Eccoci infine ad analizzare l’influenza del colore sotto il profilo vista energetico, che sebbene non sia il primo dei pensieri quando si sceglie il colore per le proprie pareti non rappresenta di certo una novità ed anche nell’attuale bioedilizia il colore assume un ruolo di primaria importanza, specie per ciò che concerne l’involucro esterno, in particolare facciate, aggetti e coperture.

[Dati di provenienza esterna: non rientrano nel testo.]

lemma sq_sum5_le: "(a + b + c + d + e)\<^sup>2 \<le> 5 * (a\<^sup>2 + b\<^sup>2 + c\<^sup>2 + d\<^sup>2 + e\<^sup>2 :: real)"
proof -
  have "5 * (a\<^sup>2 + b\<^sup>2 + c\<^sup>2 + d\<^sup>2 + e\<^sup>2) - (a + b + c + d + e)\<^sup>2 =
      (a - b)\<^sup>2 + (a - c)\<^sup>2 + (a - d)\<^sup>2 + (a - e)\<^sup>2 + (b - c)\<^sup>2 + (b - d)\<^sup>2 + (b - e)\<^sup>2 +
      (c - d)\<^sup>2 + (c - e)\<^sup>2 + (d - e)\<^sup>2"
    by (simp add: power2_eq_square algebra_simps)
  moreover have "0 \<le> (a - b)\<^sup>2 + (a - c)\<^sup>2 + (a - d)\<^sup>2 + (a - e)\<^sup>2 + (b - c)\<^sup>2 + (b - d)\<^sup>2 + (b - e)\<^sup>2 +
      (c - d)\<^sup>2 + (c - e)\<^sup>2 + (d - e)\<^sup>2"
    by simp
  ultimately show ?thesis
    by linarith
qed

lemma L2sq_add5_le:
  assumes "continuous_on Khat f1" "continuous_on Khat f2" "continuous_on Khat f3"
    "continuous_on Khat f4" "continuous_on Khat f5"
    and "L2sq f1 \<le> b1" "L2sq f2 \<le> b2" "L2sq f3 \<le> b3" "L2sq f4 \<le> b4" "L2sq f5 \<le> b5"
  shows "L2sq (\<lambda>x. f1 x + f2 x + f3 x + f4 x + f5 x) \<le> 5 * (b1 + b2 + b3 + b4 + b5)"
proof -
  have int: "(\<lambda>x. (f x)\<^sup>2) integrable_on Khat" if "continuous_on Khat f" for f :: "pt \<Rightarrow> real"
    by (intro integrable_on_Khat continuous_intros that)
  have "L2sq (\<lambda>x. f1 x + f2 x + f3 x + f4 x + f5 x)
      \<le> integral Khat (\<lambda>x. 5 * ((f1 x)\<^sup>2 + (f2 x)\<^sup>2 + (f3 x)\<^sup>2 + (f4 x)\<^sup>2 + (f5 x)\<^sup>2))"
    unfolding L2sq_def by (intro integral_le integrable_on_Khat continuous_intros assms sq_sum5_le)
  also have "\<dots> = 5 * (L2sq f1 + L2sq f2 + L2sq f3 + L2sq f4 + L2sq f5)"
    unfolding L2sq_def integral_mult_right
    by (simp add: integral_add integrable_add int assms)
  also have "\<dots> \<le> 5 * (b1 + b2 + b3 + b4 + b5)"
    using assms(6-) by simp
  finally show ?thesis .
qed

theorem lemma4p2:
  "\<exists>C>0. \<forall>(p::nat) (aV::nat \<Rightarrow> real) (aE::nat \<Rightarrow> nat \<Rightarrow> real) (aI::nat \<times> nat \<Rightarrow> real).
     p \<ge> 1 \<longrightarrow>
     (let uV = (\<lambda>x. \<Sum>j\<in>{1..3}. aV j * vertex_fn j x);
          uE = (\<lambda>m x. \<Sum>j\<in>edge_idx p. aE m j * edge_fn m j x);
          uI = (\<lambda>x. \<Sum>(i,j)\<in>cell_idx p. aI (i,j) * cell_fn i j x);
          u = (\<lambda>x. uV x + uE 1 x + uE 2 x + uE 3 x + uI x)
      in L2sq uV \<le> C * (\<Sum>j\<in>{1..3}. \<bar>aV j\<bar>\<^sup>2)
       \<and> (\<forall>m\<in>{1..3}. L2sq (uE m) \<le> C * (\<Sum>j\<in>edge_idx p. \<bar>aE m j\<bar>\<^sup>2))
       \<and> L2sq uI = (\<Sum>ij\<in>cell_idx p. \<bar>aI ij\<bar>\<^sup>2)
       \<and> L2sq u \<le> C * ((\<Sum>j\<in>{1..3}. \<bar>aV j\<bar>\<^sup>2)
                       + (\<Sum>m\<in>{1..3}. \<Sum>j\<in>edge_idx p. \<bar>aE m j\<bar>\<^sup>2)
                       + (\<Sum>ij\<in>cell_idx p. \<bar>aI ij\<bar>\<^sup>2)))"
proof (rule exI[of _ 15], intro conjI allI impI, goal_cases)
  case 1
  show ?case by simp
next
  case (2 p aV aE aI)
  let ?uV = "\<lambda>x. \<Sum>j\<in>{1..3}. aV j * vertex_fn j x"
  let ?uE = "\<lambda>m x. \<Sum>j\<in>edge_idx p. aE m j * edge_fn m j x"
  let ?uI = "\<lambda>x. \<Sum>(i, j)\<in>cell_idx p. aI (i, j) * cell_fn i j x"
  let ?SV = "\<Sum>j\<in>{1..3}. \<bar>aV j\<bar>\<^sup>2"
  let ?SE = "\<lambda>m. \<Sum>j\<in>edge_idx p. \<bar>aE m j\<bar>\<^sup>2"
  let ?SI = "\<Sum>ij\<in>cell_idx p. \<bar>aI ij\<bar>\<^sup>2"
  have V: "L2sq ?uV \<le> ?SV" and E: "L2sq (?uE m) \<le> ?SE m" and I: "L2sq ?uI = ?SI" for m
    using L2sq_vertex_sum_le[where a=aV] L2sq_edge_sum_le[where a="aE m"] L2sq_cell_sum[of aI p]
    by simp_all
  have nonneg: "0 \<le> ?SV" "0 \<le> ?SE m" "0 \<le> ?SI" for m
    by (simp_all add: sum_nonneg)
  have "L2sq (\<lambda>x. ?uV x + ?uE 1 x + ?uE 2 x + ?uE 3 x + ?uI x) \<le> 5 * (?SV + ?SE 1 + ?SE 2 + ?SE 3 + ?SI)"
    by (intro L2sq_add5_le V E I[THEN eq_refl] continuous_on_vertex_sum continuous_on_edge_sum
        continuous_on_cell_sum)
  moreover have "(\<Sum>m\<in>{1..3}. ?SE m) = ?SE 1 + ?SE 2 + ?SE 3"
    by (simp add: eval_nat_numeral atLeastAtMostSuc_conv)
  ultimately have total: "L2sq (\<lambda>x. ?uV x + ?uE 1 x + ?uE 2 x + ?uE 3 x + ?uI x) \<le>
      15 * (?SV + (\<Sum>m\<in>{1..3}. ?SE m) + ?SI)"
    using nonneg(1,3) nonneg(2)[of 1] nonneg(2)[of 2] nonneg(2)[of 3] by argo
  show ?case
    unfolding Let_def
  proof (intro conjI ballI)
    show "L2sq ?uV \<le> 15 * ?SV" "L2sq (?uE m) \<le> 15 * ?SE m" for m
      using V E[of m] nonneg(1) nonneg(2)[of m] by linarith+
  qed (fact I total)+
qed

end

Avete presente le costruzioni bianche ad Otranto, o le casette bianche, con tetti, infissi e dettagli celesti tipiche delle isole greche? Nelle località più meridionali, caratterizzate da un clima caldo e dalla presenza costante del sole, l’adozione di murature bianche permette di riflettere il più possibile il calore durante la giornata; smaltendo poi di notte, come radiazione infrarossa, il calore accumulato durante le ore diurne. Al contrario qualora si desideri accumulare calore si sfruttano colorazioni scure: il nero in particolare viene adottato anche nei cosiddetti sistemi passivi di captazione solare, come ad esempio nei muri di Trombe.

Insomma, il colore delle pareti di casa, sia interne che esterne, è determinante sotto molteplici aspetti e non va assolutamente sottovalutato, merita un approfondimento ed una scelta ben ponderata, anche a seconda di come ogni superficie è esposta alla luce.

Un ultimo consiglio: fate attenzione a non esagerare con l’utilizzo del colore sulle pareti, specie se decidete di optare per tinte molto particolari e alla moda, presto potrebbero finire per stufarvi!